I think that more than anything else, the article has me wondering whether our society’s increasingly restrictive standards of beauty will reach high tide anytime in the foreseeable future.  Because if not, before long, only genetic and surgical manipulation will be able to produce women who measure up and the rest of us will be comparing ourselves to a bunch of mutants.  You don’t have to look any further than the covers of the beauty and gossip magazines to come to the startling realization that it’s already happening.  The women who grace the covers of these publications are, more often than not, altered both physically and through digital means to make them so utterly flawless that even the most stunning of natural women can’t help but feel ugly.

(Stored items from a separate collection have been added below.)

(* Let $n \ge 4$ and $1 \le a \le b \le n$ be integers, and consider the problem $\mathrm{IK}^n(x_a\cdots x_b)$ of minimizing $x_a x_{a+1}\cdots x_b$ over $\mathcal{X}^n$. Let $l \in \{1,\ldots,n\}$. Then: (a) if $a = b$, then $\bar x(b)$ is a minimizer of $x_b$ over $\mathcal{X}^n$; (b) if $b < n-1$ and $\bar x(l)$ is a minimizer of $x_a\cdots x_b$, then $a \le l \le 2 + \log_2(\log_2 n + \log_2 e)$ or $l = b$; (c) if $a=1$ and $b=n$, then $\bar x(n) = \big(\frac1{s_1},\ldots,\frac1{s_{n-1}},\frac1{s_n-1}\big)$ is the unique minimizer of $x_1\cdots x_n$ over $\mathcal{X}^n$; (d) if $b = n$, then $\bar x(l)$ is a minimizer of $x_a\cdots x_n$ if and only if $l = n$; (e) if $b = n-1$, then $\bar x(l)$ is a minimizer of $x_a\cdots x_{n-1}$ if and only if either $l = n-1$, or $n = 4$, $a\in\{1,2\}$ and $l = 2$.
   Context: The Sylvester sequence: $s_1 = 2$, $s_i = \prod_{j=1}^{i-1} s_j + 1$ for $i\ge2$. $\mathcal{X}^n$ is the set of $x\in\mathbb{R}^n$ with $x_1+\cdots+x_n = 1$, $1 \ge x_1 \ge \cdots \ge x_n \ge 0$, and $x_1\cdots x_j \le x_{j+1}+\cdots+x_n$ for all $j\in\{1,\ldots,n-1\}$. For $l\in\{1,\ldots,n\}$, $\bar x(l) := \big(\frac{1}{s_1},\ldots,\frac{1}{s_{l-1}}, \frac{1}{(n-l+1)(s_l-1)},\ldots,\frac{1}{(n-l+1)(s_l-1)}\big)\in\mathbb{R}^n$ (last value repeated $n-l+1$ times); these lie in $\mathcal{X}^n$. *)

theory Defs
  imports Complex_Main
begin

text \<open>Sylvester sequence: s 1 = 2, s i = (prod_{j=1}^{i-1} s j) + 1 for i >= 2.
  The value at index 0 is an unused dummy (0).\<close>
fun sylv :: "nat \<Rightarrow> nat" where
  "sylv 0 = 0"
| "sylv (Suc i) = (if i = 0 then 2 else (\<Prod>j\<in>{1..i}. sylv j) + 1)"

text \<open>Points of R^n are represented as functions nat => real, with coordinates
  x 1, ..., x n and required to vanish outside {1..n}.\<close>
definition Xset :: "nat \<Rightarrow> (nat \<Rightarrow> real) set" where
  "Xset n = {x. (\<forall>i. i \<notin> {1..n} \<longrightarrow> x i = 0)
             \<and> (\<Sum>i=1..n. x i) = 1
             \<and> x 1 \<le> 1
             \<and> (\<forall>i. 1 \<le> i \<and> i < n \<longrightarrow> x (i+1) \<le> x i)
             \<and> x n \<ge> 0
             \<and> (\<forall>j. 1 \<le> j \<and> j \<le> n - 1 \<longrightarrow> (\<Prod>i=1..j. x i) \<le> (\<Sum>i=j+1..n. x i))}"

definition xbar :: "nat \<Rightarrow> nat \<Rightarrow> (nat \<Rightarrow> real)" where
  "xbar n l = (\<lambda>i. if 1 \<le> i \<and> i < l then 1 / real (sylv i)
                   else if l \<le> i \<and> i \<le> n then 1 / (real (n - l + 1) * (real (sylv l) - 1))
                   else 0)"

definition obj :: "nat \<Rightarrow> nat \<Rightarrow> (nat \<Rightarrow> real) \<Rightarrow> real" where
  "obj a b x = (\<Prod>i=a..b. x i)"

definition is_minimizer :: "nat \<Rightarrow> nat \<Rightarrow> nat \<Rightarrow> (nat \<Rightarrow> real) \<Rightarrow> bool" where
  "is_minimizer n a b x \<longleftrightarrow> x \<in> Xset n \<and> (\<forall>y\<in>Xset n. obj a b x \<le> obj a b y)"

end

theory Submission
  imports Defs
begin

text \<open>Write \<open>A j = 1 / (sylv 1 \<cdots> sylv j) = 1 - (\<Sum>i\<le>j. 1 / sylv i)\<close> (\<open>sylv_rem j\<close> below), so that
  \<open>A (j + 1) = A j\<^sup>2 / (1 + A j)\<close>, and \<open>xbar n l\<close> consists of \<open>1 / sylv 1, \<dots>, 1 / sylv (l - 1)\<close>
  followed by \<open>A (l - 1)\<close> spread evenly.
  For \<open>y \<in> Xset n\<close> the product constraints give, through the Tomic--Weyl inequality, the tail
  bound \<open>(\<Sum>i>m. y i) \<ge> A m\<close>, which \<open>xbar n l\<close> attains for \<open>m < l\<close>.
  Abel summation against the increasing weights \<open>1 / y i\<close>, together with \<open>ln t \<le> t - 1\<close>, turns the
  tail bound into minimality of \<open>xbar n n\<close> for every product \<open>y a \<cdots> y n\<close>, uniquely for the full product;
  this is (c) and half of (d). For \<open>b = n - 1\<close>, split \<open>y\<close> after the last index \<open>k\<close> with
  \<open>y k \<ge> (\<Sum>i>k. y i)\<close>: collapsing the tail into one coordinate reduces the head to the case
  \<open>b = n\<close>, and the remaining block, in which every term is smaller than the sum of its successors,
  has a product bounded below by a power of its sum. Together these give
  \<open>y a \<cdots> y (n - 1) \<ge> A (n - 2)\<^sup>2 / (2 A (a - 1))\<close>. The remaining claims compare the explicit values of
  the objective at the points \<open>xbar n l\<close>; for (b), once \<open>sylv l > e n\<close>, which the doubly exponential
  growth of \<open>sylv\<close> guarantees beyond the stated bound, \<open>xbar n (l + 1)\<close> beats \<open>xbar n l\<close>.\<close>

definition sylv_prod :: "nat \<Rightarrow> nat" where
  "sylv_prod j = (\<Prod>i=1..j. sylv i)"

definition sylv_rem :: "nat \<Rightarrow> real" where
  "sylv_rem j = 1 / real (sylv_prod j)"

lemma sylv_prod_0 [simp]: "sylv_prod 0 = 1"
  by (simp add: sylv_prod_def)

lemma sylv_Suc: "sylv (Suc j) = sylv_prod j + 1"
  by (cases j) (simp_all only: sylv.simps sylv_prod_def, simp_all)

declare sylv.simps(2) [simp del]

lemma sylv_prod_Suc: "sylv_prod (Suc j) = sylv_prod j * sylv (Suc j)"
  by (simp add: sylv_prod_def prod.nat_ivl_Suc')

lemma sylv_prod_Suc': "sylv_prod (Suc j) = sylv_prod j * (sylv_prod j + 1)"
  by (simp add: sylv_prod_Suc sylv_Suc)

lemma sylv_prod_ge_1: "1 \<le> sylv_prod j"
  by (induction j) (auto simp: sylv_prod_Suc')

lemma sylv_prod_ge_2: "1 \<le> j \<Longrightarrow> 2 \<le> sylv_prod j"
  using sylv_prod_ge_1[of "j - 1"] mult_mono[of 1 "sylv_prod (j - 1)" 2 "sylv_prod (j - 1) + 1"]
  by (cases j) (auto simp: sylv_prod_Suc')

lemma sylv_ge_2: "1 \<le> i \<Longrightarrow> 2 \<le> sylv i"
  using sylv_prod_ge_1 by (cases i) (auto simp: sylv_Suc)

lemma sylv_mono:
  assumes "1 \<le> i" "i \<le> j" shows "sylv i \<le> sylv j"
  using assms(2,1)
proof (induction j rule: dec_induct)
  case (step k)
  then show ?case
    using sylv_prod_ge_1[of "k - 1"] by (cases k) (auto simp: sylv_Suc sylv_prod_Suc')
qed simp

lemma sylv_le_sylv_prod: "1 \<le> i \<Longrightarrow> sylv i \<le> sylv_prod i"
  using sylv_prod_ge_1[of "i - 1"] by (cases i) (auto simp: sylv_prod_Suc)

lemma sylv_prod_mult_le: "sylv_prod j * sylv_prod i \<le> sylv_prod (j + i)"
proof (induction i)
  case (Suc i)
  have "sylv_prod j * sylv_prod (Suc i) = (sylv_prod j * sylv_prod i) * sylv (Suc i)"
    by (simp add: sylv_prod_Suc)
  also have "\<dots> \<le> sylv_prod (j + i) * sylv (Suc (j + i))"
    using Suc sylv_mono[of "Suc i" "Suc (j + i)"] by (intro mult_mono) auto
  finally show ?case
    by (simp add: sylv_prod_Suc)
qed simp

lemma sylv_1: "sylv 1 = 2"
  using sylv_Suc[of 0] by simp

lemma sylv_2: "sylv 2 = 3"
  using sylv_Suc[of 1] sylv_prod_Suc[of 0] sylv_1 by (simp add: numeral_2_eq_2)

lemma sylv_rem_0 [simp]: "sylv_rem 0 = 1"
  by (simp add: sylv_rem_def)

lemma sylv_rem_pos: "0 < sylv_rem j"
  using sylv_prod_ge_1[of j] by (simp add: sylv_rem_def)

lemma sylv_rem_le_1: "sylv_rem j \<le> 1"
  using sylv_prod_ge_1[of j] by (simp add: sylv_rem_def)

lemma sylv_rem_le_half: "1 \<le> j \<Longrightarrow> sylv_rem j \<le> 1/2"
  using sylv_prod_ge_2[of j] by (simp add: sylv_rem_def field_simps)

Thankfully, there are caricatures like Joan Rivers to serve as cautionary examples.  Seriously, if we don’t get a firm grasp on a more realistic standard of beauty we’re all going to end up looking like pincushions.  In my golden years, I sincerely hope that I am more focused on living life to the fullest than making it to my Botox appointment on time after a day that included a grueling workout with my personal trainer and 4 hours at the salon having my hair coloured some ridiculous shade in an attempt to retain a youthful appearance that simply isn’t realistic.  My role model for appearance in my 8th and 9th decades (should I have the good fortune to live that long) is Betty White.  She obviously takes great care of herself and has beautiful skin and hair but let’s get real:  her skin has wrinkles and her hair is white, and although she isn’t overweight, he hasn’t retained her pin-up figure of a bygone era.  (Google Betty and have a look at some old pictures – she was an absolute stunner!)

I am looking forward to the day when there is a collective revolt against the unattainable standards of beauty that grip our culture and we can all stop wishing so fervently to be women we’re not: because the truck is coming, full speed, loaded to the gills with cosmetics and hair products and workout equipment and body-shaping undergarments, and beauty magazines and surgical implements and ‘experts’ of all varieties proclaiming our inadequacy that we’re not going to survive impact otherwise.